中国国家統計局が公表した2026年7月の一定規模以上企業の家具類小売額は145億元で前年同月比8.8%減、1~7月累計でも1004億元と4.5%減だった。住宅販売と新築工事の調整が続くなか、家具メーカーにとって国内住宅向け需要だけに依存することが難しくなっている。一方で9月の上海ではCIFF上海が5~8日、中国国際家具展が8~11日に開催され、大規模な商談機会が連続する。
CIFF上海は家具、商業・オフィス空間、スマート製造、家居建材などを扱い、中国国際家具展では完成家具に加え、高端製造、家具部品・材料の展示も行われる。中国メーカーが国内小売だけでなく、海外バイヤー、ホテル、オフィス、店舗、OEM案件を重視していることを読み取れる。日本企業にとっては、中国市場が弱い時期ほど輸出向けの小ロットや別注案件を交渉できる可能性がある。
ただし、展示会価格と実際の輸入原価は分けて考える必要がある。家具本体のFOB価格に加え、中国国内輸送、輸出梱包、港湾費用、海上運賃、日本側港湾費用、通関、国内配送が発生する。大型ソファや椅子は重量より容積でコンテナを消費するため、単価が安くても一脚当たり物流費が高くなる。ノックダウン構造にできるか、スタッキングできるかは重要な評価項目だ。
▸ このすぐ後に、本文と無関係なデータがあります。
(* Let $d>k\geq1$, let $A\in\mathbb{R}^{d\times d}$ be symmetric positive semidefinite with $\lambda_k>\lambda_{k+1}$, let $\beta>0$ with $\lambda_k>2\sqrt\beta\geq\lambda_{k+1}$, and let $X_0\in\mathrm{St}(d,k)$ with $\cos\theta_k(U_k,X_0)>0$. Consider ANPM with momentum $\beta$ and perturbations $(\Xi_t)$ such that, for all $t\geq0$, $\|U_k^\top\Xi_t\|_2\leq c(\lambda_k-2\sqrt\beta)\cos\theta_k(U_k,X_t)$ with $c=1/32$. Then for all $t\geq0$: $U_k^\top X_t$ is invertible (so $E_t$ is well defined), $G_t$ is well defined, $U_k^\top Y_{t+1}$ and $Y_{t+1}$ have rank $k$, $\|G_t\|_2\leq\frac{1}{1/2-c\Delta}$, $$G_t=\big(I_k-\beta\Lambda_k^{-1}(U_k^\top X_{t-1})(U_k^\top X_tR_t)^{-1}+E_t\big)^{-1},$$ where $X_{-1}:=\frac{1}{2\beta}AX_0$ and $R_0:=I_k$, and $U_k^\top Y_{t+1}=\Lambda_kG_t^{-1}(U_k^\top X_t)$.
   Context: $A$ has eigenvalues $\lambda_1\geq\dots\geq\lambda_d\geq0$, orthonormal eigenvectors $u_i$; $U_k:=[u_1,\dots,u_k]$, $\Lambda_k:=\mathrm{diag}(\lambda_1,\dots,\lambda_k)$. $\Delta:=(\lambda_k-2\sqrt\beta)/\lambda_k$. $\mathrm{St}(d,k)$, $\mathrm{QR}$, $\theta_k(U,X):=\arccos\sigma_{\min}(U^\top X)$ as usual (QR: $Y=XR$, $X^\top X=I_k$, $R$ upper triangular with nonnegative diagonal). ANPM: $Y_1:=\tfrac12AX_0+\Xi_0$, $(X_1,R_1)=\mathrm{QR}(Y_1)$; for $t\geq1$, $Y_{t+1}=AX_t-\beta X_{t-1}R_t^{-1}+\Xi_t$, $(X_{t+1},R_{t+1})=\mathrm{QR}(Y_{t+1})$. $E_t:=\Lambda_k^{-1}(U_k^\top\Xi_t)(U_k^\top X_t)^{-1}$; $G_0:=(I_k/2+E_0)^{-1}$, $G_{t+1}:=(I_k-\beta\Lambda_k^{-1}G_t\Lambda_k^{-1}+E_{t+1})^{-1}$. *)

theory Defs
  imports "HOL-Analysis.Analysis"
begin

text \<open>Matrices are HOL-Analysis matrices: a d x k matrix has type real^'k^'d,
  entry (i,j) is M $ i $ j. Column index type 'k is ordered via a bijection
  idx : 'k -> {0..<k}.\<close>

definition sigma_min :: "real^'k^'k \<Rightarrow> real" where
  "sigma_min M = Inf ((\<lambda>x. norm (M *v x)) ` {x. norm x = 1})"

definition theta_k :: "real^'k^'d \<Rightarrow> real^'k^'d \<Rightarrow> real" where
  "theta_k U X = arccos (sigma_min (transpose U ** X))"

definition opnorm2 :: "real^'n^'m \<Rightarrow> real" where
  "opnorm2 M = onorm (\<lambda>x. M *v x)"

definition stiefel :: "real^'k^'d \<Rightarrow> bool" where
  "stiefel X \<longleftrightarrow> transpose X ** X = mat 1"

definition upper_tri_nonneg :: "('k \<Rightarrow> nat) \<Rightarrow> real^'k^'k \<Rightarrow> bool" where
  "upper_tri_nonneg idx R \<longleftrightarrow>
     (\<forall>i j. idx j < idx i \<longrightarrow> R $ i $ j = 0) \<and> (\<forall>i. 0 \<le> R $ i $ i)"

definition is_QR :: "('k \<Rightarrow> nat) \<Rightarrow> real^'k^'d \<Rightarrow> real^'k^'d \<Rightarrow> real^'k^'k \<Rightarrow> bool" where
  "is_QR idx Y X R \<longleftrightarrow> Y = X ** R \<and> stiefel X \<and> upper_tri_nonneg idx R"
日本の税関では家具は主として第94類に分類され、例えば9403には金属製家具、木製の事務所・台所・寝室用家具などの区分がある。多くの一般家具は無税だが、椅子の材質や仕様などによって分類・税率が異なるため、商品名だけで判断せず実行関税率表を確認する必要がある。複合材家具や照明一体家具など分類が不明確な商品は事前教示の活用が安全だ。
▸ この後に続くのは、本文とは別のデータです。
(* In the setting described in the context, let $D\subseteq A\subseteq D\cup T$ and $L\in\Pi_A$. Then $\dim\operatorname{span}\langle L,L^*\rangle_A=|L|$ if $L$ is shorted (with respect to $A$), and $\dim\operatorname{span}\langle L,L^*\rangle_A=2|L|-1$ otherwise.
   Context: Let $n\ge4$, $V=\{0,\dots,n-1\}$, and let $E=\{(u,v)\in V\times V:u\ne v\}$ be the set of arcs, written $uv$. Let $\chi_e\in\mathbb R^E$ be unit vectors and $\chi_F=\sum_{e\in F}\chi_e$. Let $\delta^\pm(w)$ be the arcs leaving/entering $w$, let $\delta^+(S)=\{uv:u\in S,v\notin S\}$, let $\mathcal S=\{S\subset V:2\le|S|\le n-2\}$, and let $x(F)=\sum_{e\in F}x_e$. The polytope is $P^n=\{x\in\mathbb R^E: x(\delta^+(w))=x(\delta^-(w))=1\ \forall w,\ x(\delta^+(S))\ge1\ \forall S\in\mathcal S,\ x\ge0\}$. Fix $\bar x\in P^n\cap\{0,\tfrac12\}^E$ and let $E_{\bar x}=\{e:\bar x_e=\tfrac12\}$. For $a\in\{0,1\}^E$ let $\mathrm{pr}(a)=\sum_{e\in E_{\bar x}}a_e\chi_e$. Let $\mathcal S_{\bar x}=\{S\in\mathcal S:\bar x(\delta^+(S))=1\}$. Define the sets $$D=\{\mathrm{pr}(\chi_{\delta^+(u)}),\mathrm{pr}(\chi_{\delta^-(u)}):u\in V\}, \qquad T=\{\mathrm{pr}(\chi_{\delta^+(S)}):S\in\mathcal S_{\bar x}\}.$$ Every vector of $D\cup T$ equals $\chi_{e_1}+\chi_{e_2}$ for two distinct arcs $e_1,e_2\in E_{\bar x}$; it is written $[e_1,e_2]=[e_2,e_1]$. Let $A$ be a set with $D\subseteq A\subseteq D\cup T$. On $E_{\bar x}$ define the relation $e\sim_A e'$ iff there is $\bar e\in E_{\bar x}$ with $[e,\bar e]\in A$ and $[\bar e,e']\in A$. Let $\equiv_A$ be its transitive closure; this is an equivalence relation. The equivalence classes are called circuits, and they form the circuit partition $\Pi_A$ of $E_{\bar x}$. For $L\in\Pi_A$, the set $\{\bar e\in E_{\bar x}:\exists e\in L,\ [e,\bar e]\in A\}$ is nonempty and contained in a unique circuit, denoted $L^*_A$ and called the dual of $L$. The pair $\{L,L^*_A\}$ is a circuit pair. $L$ is called shorted if $L^*_A=L$. Define $\langle L,L^*\rangle_A=\{[e,\bar e]\in A: e\in L,\ \bar e\in L^*_A\}$. *)

theory Defs
  imports "HOL-Analysis.Analysis" "HOL-Library.Function_Algebras"
begin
中国家具を日本で競争力ある商品にするには、工場出荷価格ではなく「日本の現場に届いた状態」で比較する必要がある。展示会ではデザインと価格に加え、梱包サイズ、重量、最低発注量、補修部材、量産公差、再注文時の色合わせを確認したい。国内市場の弱さと輸出志向の強まりは、日本の家具会社や内装会社が新しいOEM先を開拓する好機になり得る。